La décision contraignante D-HCSF-2021-7 : ce que dit exactement le texte

Depuis le 1er janvier 2022, la décision D-HCSF-2021-7 publiée au Journal officiel (JORFTEXT000044523272) impose aux établissements de crédit français deux critères cumulatifs pour l’octroi d’un prêt immobilier : un taux d’effort maximal de 35 % assurance emprunteur comprise, et une durée de remboursement plafonnée à 25 ans (27 ans en cas de différé d’amortissement lié à l’acquisition dans le neuf ou à des travaux représentant au moins 10 % du coût total). Ces règles s’appliquent à la résidence principale et aux investissements locatifs.

Le taux d’effort — ou taux d’endettement — se calcule selon la formule : (ensemble des charges de remboursement de crédits + assurance) / revenus nets avant impôt. La difficulté surgit dès lors qu’un crédit en cours fait l’objet d’un différé total : pendant la période de différé, aucune mensualité en capital ni en intérêts n’est exigée. La question est alors de savoir quelle charge retenir dans le numérateur du ratio.
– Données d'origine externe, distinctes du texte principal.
lemma convolution_has_derivative:
  assumes h: "\<And>u. (h has_real_derivative h' u) (at u)" "\<And>u. \<bar>h u\<bar> \<le> M"
    and h': "\<And>u. \<bar>h' u\<bar> \<le> M'" "L-lipschitz_on UNIV h'"
  shows "(convolution K h has_real_derivative convolution K h' x) (at x)"
proof -
  have "continuous_on UNIV h"
    by (rule continuous_at_imp_continuous_on) (use DERIV_isCont[OF h(1)] in blast)
  moreover have "continuous_on UNIV h'"
    by (rule lipschitz_on_continuous_on[OF h'(2)])
  ultimately have int: "(\<lambda>z. K z * h (y - z)) integrable_on UNIV"
    "(\<lambda>z. K z * h' (y - z)) integrable_on UNIV" for y
    using convolution_integrand_integrable h(2) h'(1) by blast+
  have key: "\<bar>convolution K h (x + t) - convolution K h x - t * convolution K h' x\<bar>
      \<le> (L * t\<^sup>2) * integral UNIV K" for t
  proof -
    have "convolution K h (x + t) - convolution K h x - t * convolution K h' x =
        integral UNIV (\<lambda>z. K z * h (x + t - z) - K z * h (x - z) - t * (K z * h' (x - z)))"
      unfolding convolution_def using int
      by (simp add: integral_diff integrable_diff integrable_on_mult_right)
    also have "\<bar>\<dots>\<bar> \<le> (L * t\<^sup>2) * integral UNIV K"
    proof (rule abs_integral_le_kernel)
      show "(\<lambda>z. K z * h (x + t - z) - K z * h (x - z) - t * (K z * h' (x - z))) integrable_on UNIV"
        using int by (intro integrable_diff integrable_on_mult_right)
      fix z
      have "\<bar>h (x - z + t) - h (x - z) - t * h' (x - z)\<bar> \<le> L * t\<^sup>2"
        by (rule taylor_remainder_lipschitz[OF h(1) h'(2)])
      moreover have "K z * h (x + t - z) - K z * h (x - z) - t * (K z * h' (x - z))
          = K z * (h (x - z + t) - h (x - z) - t * h' (x - z))"
        by (simp add: algebra_simps)
      ultimately show "\<bar>K z * h (x + t - z) - K z * h (x - z) - t * (K z * h' (x - z))\<bar> \<le> K z * (L * t\<^sup>2)"
        using kernel_nonneg[of z] by (simp add: abs_mult mult_left_mono)
    qed
    finally show ?thesis .
  qed
  have bound: "norm ((convolution K h (x + t) - convolution K h x) / t - convolution K h' x)
      \<le> \<bar>t\<bar> * (L * integral UNIV K)" if "t \<noteq> 0" for t
  proof -
    have "(convolution K h (x + t) - convolution K h x) / t - convolution K h' x
        = (convolution K h (x + t) - convolution K h x - t * convolution K h' x) / t"
      using that by (simp add: field_simps)
    moreover have "(L * t\<^sup>2) * integral UNIV K / \<bar>t\<bar> = \<bar>t\<bar> * (L * integral UNIV K)"
      using that by (simp add: power2_eq_square field_simps)
    ultimately show ?thesis
      using divide_right_mono[OF key[of t], of "\<bar>t\<bar>"] by (simp add: abs_div)
  qed
  have "((\<lambda>t. (convolution K h (x + t) - convolution K h x) / t - convolution K h' x) \<longlongrightarrow> 0) (at 0)"
  proof (rule Lim_null_comparison)
    show "\<forall>\<^sub>F t in at 0. norm ((convolution K h (x + t) - convolution K h x) / t - convolution K h' x)
        \<le> \<bar>t\<bar> * (L * integral UNIV K)"
      unfolding eventually_at_filter by (intro always_eventually allI impI bound)
    show "((\<lambda>t. \<bar>t\<bar> * (L * integral UNIV K)) \<longlongrightarrow> 0) (at 0)"
      by (intro tendsto_mult_left_zero tendsto_rabs_zero tendsto_ident_at)
  qed
  then show ?thesis
    unfolding DERIV_def by (rule LIM_zero_cancel)
qed

end

section \<open>The function T\<close>

lemma integral_reflect_shift_UNIV:
  fixes g :: "real \<Rightarrow> real"
  assumes "g absolutely_integrable_on UNIV"
  shows "integral UNIV (\<lambda>z. g (x - z)) = integral UNIV g"
proof -
  have "((\<lambda>z. x - z) has_real_derivative - 1) (at z within UNIV)" for z
    by (auto intro!: derivative_eq_intros)
  moreover have "inj_on (\<lambda>z. x - z) UNIV"
    by (auto intro: inj_onI)
  moreover have "y \<in> range (\<lambda>z. x - z)" for y
    by (rule range_eqI[of _ _ "x - y"]) simp
  then have "range (\<lambda>z. x - z) = UNIV"
    by blast
  ultimately show ?thesis
    using has_absolute_integral_change_of_variables_1'[of UNIV "\<lambda>z. x - z" "\<lambda>_. - 1" g "integral UNIV g"]
      assms by simp
qed

definition T_kernel :: "real \<Rightarrow> real" where
  "T_kernel z = exp (- sqrt 2 * \<bar>z\<bar>)"

lemma T_kernel_nonneg: "0 \<le> T_kernel z"
  by (simp add: T_kernel_def)

lemma T_kernel_integrable: "T_kernel integrable_on UNIV"
  unfolding T_kernel_def[abs_def]
  by (rule set_lebesgue_integral_eq_integral(1)[OF absolutely_integrable_exp_minus_abs]) simp

lemma T_eq_convolution: "T = convolution T_kernel (\<lambda>y. sech y ^ 2)"
proof
  fix x
  let ?f = "\<lambda>y. T_kernel (x - y) * sech y ^ 2"
  have "?f absolutely_integrable_on UNIV"
  proof (rule measurable_bounded_by_integrable_imp_absolutely_integrable[OF _ _ sech_weight_integrable])
    show "?f \<in> borel_measurable (lebesgue_on UNIV)"
      unfolding T_kernel_def
      by (intro continuous_imp_measurable_on_sets_lebesgue continuous_intros) auto
    show "norm (?f y) \<le> (1 + \<bar>y\<bar>) * sech y" for y
    proof -
      have "norm (?f y) = T_kernel (x - y) * sech y ^ 2"
        using T_kernel_nonneg[of "x - y"] by (simp add: abs_mult)
      also have "\<dots> \<le> 1 * sech y"
        using sech_power_le[of 2 y] by (intro mult_mono) (auto simp: T_kernel_def)
      also have "\<dots> \<le> (1 + \<bar>y\<bar>) * sech y"
        by (intro mult_right_mono) auto
      finally show ?thesis .
    qed
  qed auto
  then show "T x = convolution T_kernel (\<lambda>y. sech y ^ 2) x"
    using integral_reflect_shift_UNIV[of ?f x]
    by (simp add: T_def convolution_def T_kernel_def abs_minus_commute)
qed

lemma sech_square_derivative_lipschitz: "6-lipschitz_on UNIV (\<lambda>y. - 2 * sech y ^ 2 * tanh y)"
proof (rule lipschitz_on_bounded_derivative)
  show "((\<lambda>y. - 2 * sech y ^ 2 * tanh y) has_real_derivative
      - 2 * (- 2 * sech x ^ 2 * tanh x * tanh x + sech x ^ 2 * sech x ^ 2)) (at x)" for x
    using DERIV_cmult[OF DERIV_mult[OF has_real_derivative_sech_power has_real_derivative_tanh], of "- 2" 2 x]
    by (simp add: mult.assoc)
  show "\<bar>- 2 * (- 2 * sech x ^ 2 * tanh x * tanh x + sech x ^ 2 * sech x ^ 2)\<bar> \<le> 6" for x
  proof -
    have "- 2 * (- 2 * sech x ^ 2 * tanh x * tanh x + sech x ^ 2 * sech x ^ 2)
        = 4 * sech x ^ 2 - 6 * sech x ^ 4"
      using tanh_square[of x] by algebra
    moreover have "0 \<le> sech x ^ 2" "sech x ^ 2 \<le> 1" "0 \<le> sech x ^ 4" "sech x ^ 4 \<le> 1"
      using sech_le_1[of x] by (auto intro: power_le_one)
    ultimately show ?thesis
      unfolding abs_le_iff by (intro conjI) linarith+
  qed
qed

lemma abs_sech_square_derivative_le: "\<bar>- 2 * sech y ^ 2 * tanh y\<bar> \<le> 2"
  using sech_power_le[of 2 y] sech_le_1[of y] abs_tanh_le_1[of y] by (simp add: abs_mult mult_le_one)

lemma has_real_derivative_T_convolution:
  "(T has_real_derivative convolution T_kernel (\<lambda>y. - 2 * sech y ^ 2 * tanh y) x) (at x)"
  unfolding T_eq_convolution
proof (rule convolution_has_derivative[OF T_kernel_nonneg T_kernel_integrable])
  show "((\<lambda>y. sech y ^ 2) has_real_derivative - 2 * sech u ^ 2 * tanh u) (at u)" for u
    using has_real_derivative_sech_power[of 2 u] by simp
  show "\<bar>sech u ^ 2\<bar> \<le> 1" for u
    using sech_power_le[of 2 u] sech_le_1[of u] by simp
qed (rule abs_sech_square_derivative_le sech_square_derivative_lipschitz)+

lemma deriv_T: "deriv T = convolution T_kernel (\<lambda>y. - 2 * sech y ^ 2 * tanh y)"
  using has_real_derivative_T_convolution DERIV_imp_deriv by blast

lemma has_real_derivative_T: "(T has_real_derivative deriv T x) (at x)"
  unfolding deriv_T by (rule has_real_derivative_T_convolution)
Le Ministère de l’Économie, dans sa présentation officielle des mesures HCSF, précise que l’objectif de la norme est d’évaluer la soutenabilité réelle et durable de l’endettement. Retenir une charge nulle pendant le différé reviendrait à sous-estimer le risque futur, ce qui contreviendrait à l’esprit même de la décision contraignante.

Mécanisme concret : quelle mensualité retenir en cas de différé total ?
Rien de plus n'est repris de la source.